For me, art has been about the ability to look at something and see more than what is really there. Anyone else remember that line from the movie Xanadu? No?! An elusive quality that only my eyes, filtered through my memories and my subconscious, can render. My partner and I both love to visit and stare out at the ocean, but I know that we both see different things. Not to say that one is better than the other, just different. I believe he once told me that he connects to the memories, both beautiful and horrific, of living so long in San Francisco. For him, the ocean reminds him about how far he has come, and how many we lost along the way. I see Life, the cradle from whence we all sprang. It surrounds us, holds us close and connects us beyond boundaries of space and time.
As usual, it comes down to intention. What does the artist see? What qualities in the subject are yearning for expression? What does the viewer see, for that is just as important as the artist’s vision. I would consider art developed for advertising as radically different from that which can depict Raven as the messenger of the Void. Sure, they can both evoke something within me, but one goes much deeper than the other. I will sit with the latter example longer because I have much more to contemplate from a piece made with deeper intention. When intention is deep, so too is the wellspring of creativity. With the piece at the top of this post by Alex Grey, did you see a man standing in front of his canvas, contemplating the next stroke of the brush, or did you see a channel for the Godhead who is preparing to communicate a profound spiritual lesson on behalf of the Ancestors?

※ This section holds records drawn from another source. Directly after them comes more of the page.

(* The trace K Lagrangian and the gamma-gamma Lagrangian are related by $$\mathcal{L}_K=\mathcal{L}_\Gamma-\sum_{\mu\neq\nu}\partial_\mu\big(\alpha(\mu\nu)\,\partial_\nu\sqrt{|\gamma(\mu\nu)|}\big)+\sum_{\mu,\nu}\partial_\mu\Big(\sqrt{|g|}\big(\xi(\mu)n^\sigma(\mu)n^\nu(\mu)\Gamma^\mu_{\nu\sigma}-\xi(\nu)n^\sigma(\nu)n^\mu(\nu)\Gamma^\nu_{\nu\sigma}\big)\Big)$$ (summation over $\sigma$), where $\mathcal{L}_\Gamma=\sqrt{|g|}g^{\mu\nu}(\Gamma^\rho_{\mu\sigma}\Gamma^\sigma_{\rho\nu}-\Gamma^\rho_{\mu\nu}\Gamma^\sigma_{\rho\sigma})=\sqrt{|g|}R-\partial_\mu\big(\sqrt{|g|}(\Gamma^\mu_{\nu\sigma}g^{\nu\sigma}-\Gamma^\nu_{\nu\sigma}g^{\sigma\mu})\big)$.
   Context: Metric $g_{\mu\nu}$ of signature $(-,+,+,+)$, $g=\det g_{\mu\nu}$, coordinates with $g^{00}<0$, $g^{ii}>0$; $\Gamma$ is the Levi-Civita connection. $\xi(\mu)=\eta_{\mu\mu}$, $\eta=\mathrm{diag}(-1,1,1,1)$; $n^\nu(\mu)=\xi(\mu)g^{\mu\nu}/\sqrt{|g^{\mu\mu}|}$. For fixed $\mu$: $\gamma(\mu)=\det(g_{ab})_{a,b\neq\mu}$, $\gamma^{ab}(\mu)=g^{ab}-g^{a\mu}g^{\mu b}/g^{\mu\mu}$, $K_{ab}(\mu)=-\Gamma^\mu_{ab}/\sqrt{|g^{\mu\mu}|}$, $K(\mu)=\gamma^{ab}(\mu)K_{ab}(\mu)$. For $\mu\neq\nu$: $\gamma(\mu\nu)=\det(g_{AB})_{A,B\neq\mu,\nu}$, $q(\mu\nu)=g^{\mu\nu}/\sqrt{\xi(\mu)\xi(\nu)g^{\mu\mu}g^{\nu\nu}}$, $\alpha(0i)=\alpha(i0)=\operatorname{arcsinh}q(0i)$, $\alpha(ij)=\operatorname{arcsin}q(ij)$. $\mathcal{L}_K:=\sqrt{|g|}R+2\sum_\mu\partial_\mu(\sqrt{|\gamma(\mu)|}K(\mu))-\sum_{\mu\neq\nu}\partial_\mu\partial_\nu(\sqrt{|\gamma(\mu\nu)|}\alpha(\mu\nu))$ (sums over ordered pairs). *)

theory Defs
  imports "HOL-Analysis.Analysis"
begin

text \<open>Coordinates x in real^4, indices of type 4 (0 = time, 1,2,3 = space).
  A metric field is g :: real^4 => real^4^4, with components g x $ mu $ nu = g_{mu nu}(x).\<close>

definition pd :: "4 \<Rightarrow> (real^4 \<Rightarrow> real) \<Rightarrow> real^4 \<Rightarrow> real" where
  "pd i f x = deriv (\<lambda>t. f (x + t *\<^sub>R axis i 1)) 0"

fun pds :: "4 list \<Rightarrow> (real^4 \<Rightarrow> real) \<Rightarrow> real^4 \<Rightarrow> real" where
  "pds [] f = f"
| "pds (k # ks) f = pd k (pds ks f)"

definition smooth_on4 :: "(real^4) set \<Rightarrow> (real^4 \<Rightarrow> real) \<Rightarrow> bool" where
  "smooth_on4 U f \<longleftrightarrow> (\<forall>ks. \<forall>x\<in>U. pds ks f differentiable (at x))"

definition xi :: "4 \<Rightarrow> real" where
  "xi mu = (if mu = 0 then -1 else 1)"

definition eta :: "real^4^4" where
  "eta = (\<chi> i j. if i = j then xi i else 0)"

definition ginv :: "(real^4 \<Rightarrow> real^4^4) \<Rightarrow> real^4 \<Rightarrow> real^4^4" where
  "ginv g x = matrix_inv (g x)"

definition sqrtg :: "(real^4 \<Rightarrow> real^4^4) \<Rightarrow> real^4 \<Rightarrow> real" where
  "sqrtg g x = sqrt \<bar>det (g x)\<bar>"

definition Chr :: "(real^4 \<Rightarrow> real^4^4) \<Rightarrow> 4 \<Rightarrow> 4 \<Rightarrow> 4 \<Rightarrow> real^4 \<Rightarrow> real" where
  "Chr g l m n x = (1/2) * (\<Sum>r\<in>UNIV. ginv g x $ l $ r *
      (pd m (\<lambda>y. g y $ r $ n) x + pd n (\<lambda>y. g y $ r $ m) x - pd r (\<lambda>y. g y $ m $ n) x))"

definition Ricci :: "(real^4 \<Rightarrow> real^4^4) \<Rightarrow> 4 \<Rightarrow> 4 \<Rightarrow> real^4 \<Rightarrow> real" where
  "Ricci g m n x = (\<Sum>l\<in>UNIV. pd l (Chr g l m n) x) - (\<Sum>l\<in>UNIV. pd n (Chr g l m l) x)
     + (\<Sum>l\<in>UNIV. \<Sum>s\<in>UNIV. Chr g l l s x * Chr g s m n x - Chr g l n s x * Chr g s m l x)"

definition Rscal :: "(real^4 \<Rightarrow> real^4^4) \<Rightarrow> real^4 \<Rightarrow> real" where
  "Rscal g x = (\<Sum>m\<in>UNIV. \<Sum>n\<in>UNIV. ginv g x $ m $ n * Ricci g m n x)"

definition nvec :: "(real^4 \<Rightarrow> real^4^4) \<Rightarrow> 4 \<Rightarrow> 4 \<Rightarrow> real^4 \<Rightarrow> real" where
  "nvec g mu nu x = xi mu * ginv g x $ mu $ nu / sqrt \<bar>ginv g x $ mu $ mu\<bar>"

definition subdet :: "real^4^4 \<Rightarrow> 4 set \<Rightarrow> real" where
  "subdet A S = (\<Sum>p\<in>{p. p permutes S}. of_int (sign p) * (\<Prod>i\<in>S. A $ i $ p i))"

definition gam1 :: "(real^4 \<Rightarrow> real^4^4) \<Rightarrow> 4 \<Rightarrow> real^4 \<Rightarrow> real" where
  "gam1 g mu x = subdet (g x) (- {mu})"

definition gam1inv :: "(real^4 \<Rightarrow> real^4^4) \<Rightarrow> 4 \<Rightarrow> 4 \<Rightarrow> 4 \<Rightarrow> real^4 \<Rightarrow> real" where
  "gam1inv g mu a b x = ginv g x $ a $ b - ginv g x $ a $ mu * ginv g x $ mu $ b / ginv g x $ mu $ mu"

definition Kab :: "(real^4 \<Rightarrow> real^4^4) \<Rightarrow> 4 \<Rightarrow> 4 \<Rightarrow> 4 \<Rightarrow> real^4 \<Rightarrow> real" where
  "Kab g mu a b x = - Chr g mu a b x / sqrt \<bar>ginv g x $ mu $ mu\<bar>"

definition Ktr :: "(real^4 \<Rightarrow> real^4^4) \<Rightarrow> 4 \<Rightarrow> real^4 \<Rightarrow> real" where
  "Ktr g mu x = (\<Sum>a\<in>-{mu}. \<Sum>b\<in>-{mu}. gam1inv g mu a b x * Kab g mu a b x)"

definition gam2 :: "(real^4 \<Rightarrow> real^4^4) \<Rightarrow> 4 \<Rightarrow> 4 \<Rightarrow> real^4 \<Rightarrow> real" where
  "gam2 g mu nu x = subdet (g x) (- {mu, nu})"

definition qq :: "(real^4 \<Rightarrow> real^4^4) \<Rightarrow> 4 \<Rightarrow> 4 \<Rightarrow> real^4 \<Rightarrow> real" where
  "qq g mu nu x = ginv g x $ mu $ nu /
      sqrt (xi mu * xi nu * ginv g x $ mu $ mu * ginv g x $ nu $ nu)"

Perhaps Mr. Kohan is right about the margins. This isn’t exactly news to someone who is used to living on the fringe in any case. I do, however, choose to shift my perspective slightly. If sacred art is not currently held as a core value of contemporary culture, if it stands on the edges, it is protecting us like silent sentinels. If we intentionally choose to look away from the self-absorbed, “now trending” ideals of modern society, we will see the guardians that have been placed on the outer edges. They will call to us, desiring to open to us as gateways to transcend ourselves and the ennui.